Have you checked your fuel tank vent or tried running with the cap off?
NO BUT WE FITTED A NEW FUEL PUMP AND FUEL IS GETTING THROUGH AND I HAVE A TRANSPARENT FILTER TO IT'S GOING IN

Are you positive that the fuel you're using is of good quality and is fresh?
JUST TOPPED IT OFF WITH NEW FUEL

Have you ever emptied the fuel chamber? That's the round, black thing mounted to the engine oil dipstick tube.
NO BUT WE TESTED THE FLOW FROM THE CHAMBER EXIT TO THE CARB AND IT GUSHED OUT WITH EACH POLL (MANUAL STARTER).

Does your choke knob stay pulled out all the way and not move back toward the closed position by itself when you release it?
STAYS OUT AND WAS WORKING

Have the valves ever been adjusted?
NO. WHEN IT RUNS IOT RUNS PERFECTLY. HOWEVER, EARLIER IN ITS LIFE AT TOP REVS IT DID CLATTER A BIT SO BACK IT OFF AND IT SETTLED DOWN. FOR A YEAR THAT HAS GONE.

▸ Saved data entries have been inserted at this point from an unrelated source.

lemma zw_elt_Suc_iff: "zw_elt M (Suc c) p q x \<longleftrightarrow> bnd_witness M c p q x \<and> tdiff M x c = 0"
  by (auto simp: zw_elt_def bnd_witness_def less_Suc_eq)

lemma zw_elt_in_comp: "zw_elt M m p q x \<Longrightarrow> x 0 \<in> comp M p q"
  using diag_seqD[of M "max 1 m" p q x 0] by (simp add: zw_elt_def)

lemma Zset_eq_zw_elt: "Zset M m p q = {x 0 | x. zw_elt M m p q x}"
proof (intro set_eqI iffI)
  fix a0 assume "a0 \<in> Zset M m p q"
  then obtain a where a: "a 0 = a0" "a0 \<in> comp M p q"
      "\<forall>j. 1 \<le> j \<and> j < m \<longrightarrow> a j \<in> comp M (p - int j) (q - int j)" "\<forall>l<m. tdiff M a l = 0"
    unfolding Zset_def tdiff_def by blast
  then have "diag_seq M (max 1 m) p q a"
    unfolding diag_seq_def by (metis One_nat_def Suc_leI less_max_iff_disj less_one neq0_conv diff_zero of_nat_0)
  with a show "a0 \<in> {x 0 | x. zw_elt M m p q x}"
    by (auto simp: zw_elt_def)
next
  fix a0 assume "a0 \<in> {x 0 | x. zw_elt M m p q x}"
  then obtain a where "a 0 = a0" "zw_elt M m p q a"
    by blast
  then show "a0 \<in> Zset M m p q"
    unfolding Zset_def zw_elt_def tdiff_def diag_seq_def by force
qed

lemma Bset_eq_tdiff: "Bset M (Suc c) p q = {tdiff M b c | b. bnd_witness M c (p + int c) (q + int c - 1) b}"
proof -
  have "(\<Sum>i<Suc c. sg i (dd M i (b (Suc c - 1 - i)))) = tdiff M b c" for b :: "nat \<Rightarrow> 'a"
    by (simp add: tdiff_def lessThan_Suc_atMost)
  moreover have "(\<forall>i<Suc c. b i \<in> comp M (p + int (Suc c) - 1 - int i) (q + int (Suc c) - 2 - int i))
      \<longleftrightarrow> diag_seq M (Suc c) (p + int c) (q + int c - 1) b" for b :: "nat \<Rightarrow> 'a"
    by (simp add: diag_seq_def algebra_simps)
  moreover have "(\<forall>l. l + 2 \<le> Suc c \<longrightarrow> (\<Sum>i\<le>l. sg i (dd M i (b (l - i)))) = 0) \<longleftrightarrow> (\<forall>l<c. tdiff M b l = 0)"
    for b :: "nat \<Rightarrow> 'a"
    by (auto simp: tdiff_def)
  ultimately show ?thesis
    unfolding Bset_def bnd_witness_def by auto
qed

COULD IT BE AN INTAKE VALVE ISSUE? BUT LAST USE HAD NO INDICATION OF ANY MAJOR FAIL LIKE THAT. IT RAN AFTER STALLING TICKED OVER UP TO THE SLIP THEN REFUSED TO START AFTER THAT AS MENTIONED.

We've cranked this with throttle full open and choke on to see if the plugs are wet but remain dry so it does point to the carb. Is there a main jet that gets blocked? I'm fearing a combo of gunk in any case.

This engine gets a ton of use and is usually wonderful but never serviced the carb. All other fluids etc changed as per. Plugs seem good. Had various Hondas and they are amazing including 47 year old original mini trail that pulls us 220lbs up the hill!.

Thank you again for your input and to the forum

Lela II
 
Ha ha, yeah!

But....it's a B.O.A.T.....

Break Out Another Thousand!


Or

Bring On Another Task!

Or

Being On Additional Therapy!

Or

Well, that's enough for now I guess.

Lela 2.....sailboat?
 
Ha ha indeed, We try to avoid BOAT on a craft that cost 5k and a Honda that cost 1500. Yes Sailboat. Catalina C250 1995. All thanks to your advice!
 
I might have spoken too soon. I went to the boat today 2 days after doing this job and it would not fire after many pulls. Plug was dry again. So I pulled some more, throttle wide open hoping to wet the plugs and with kill switch enabled. Then finally it fired.

Could this be a sticky intake valve with weak spring?

Also, and it may be a coincidence, when we originally tested for a spark we enabled (kill position) the kill and it still sparked. We always thought it cut the CDI out hence shutoff. Today I enabled it again after it finally ran and warmed up and restarted fine many times, but it kept running with the toggle out. I tapped the red button and it shut off. Applied WD40 and after some pushing the button in and out it seemed to cut off in the correct fashion with the toggle. Could this be part of the problem? And or valve? I am sure the carb and pump are fine and seemingly the CDI.
I will try it again tomorrow and if it starts as per then it was the switch all along. Otherwise, lost for ideas.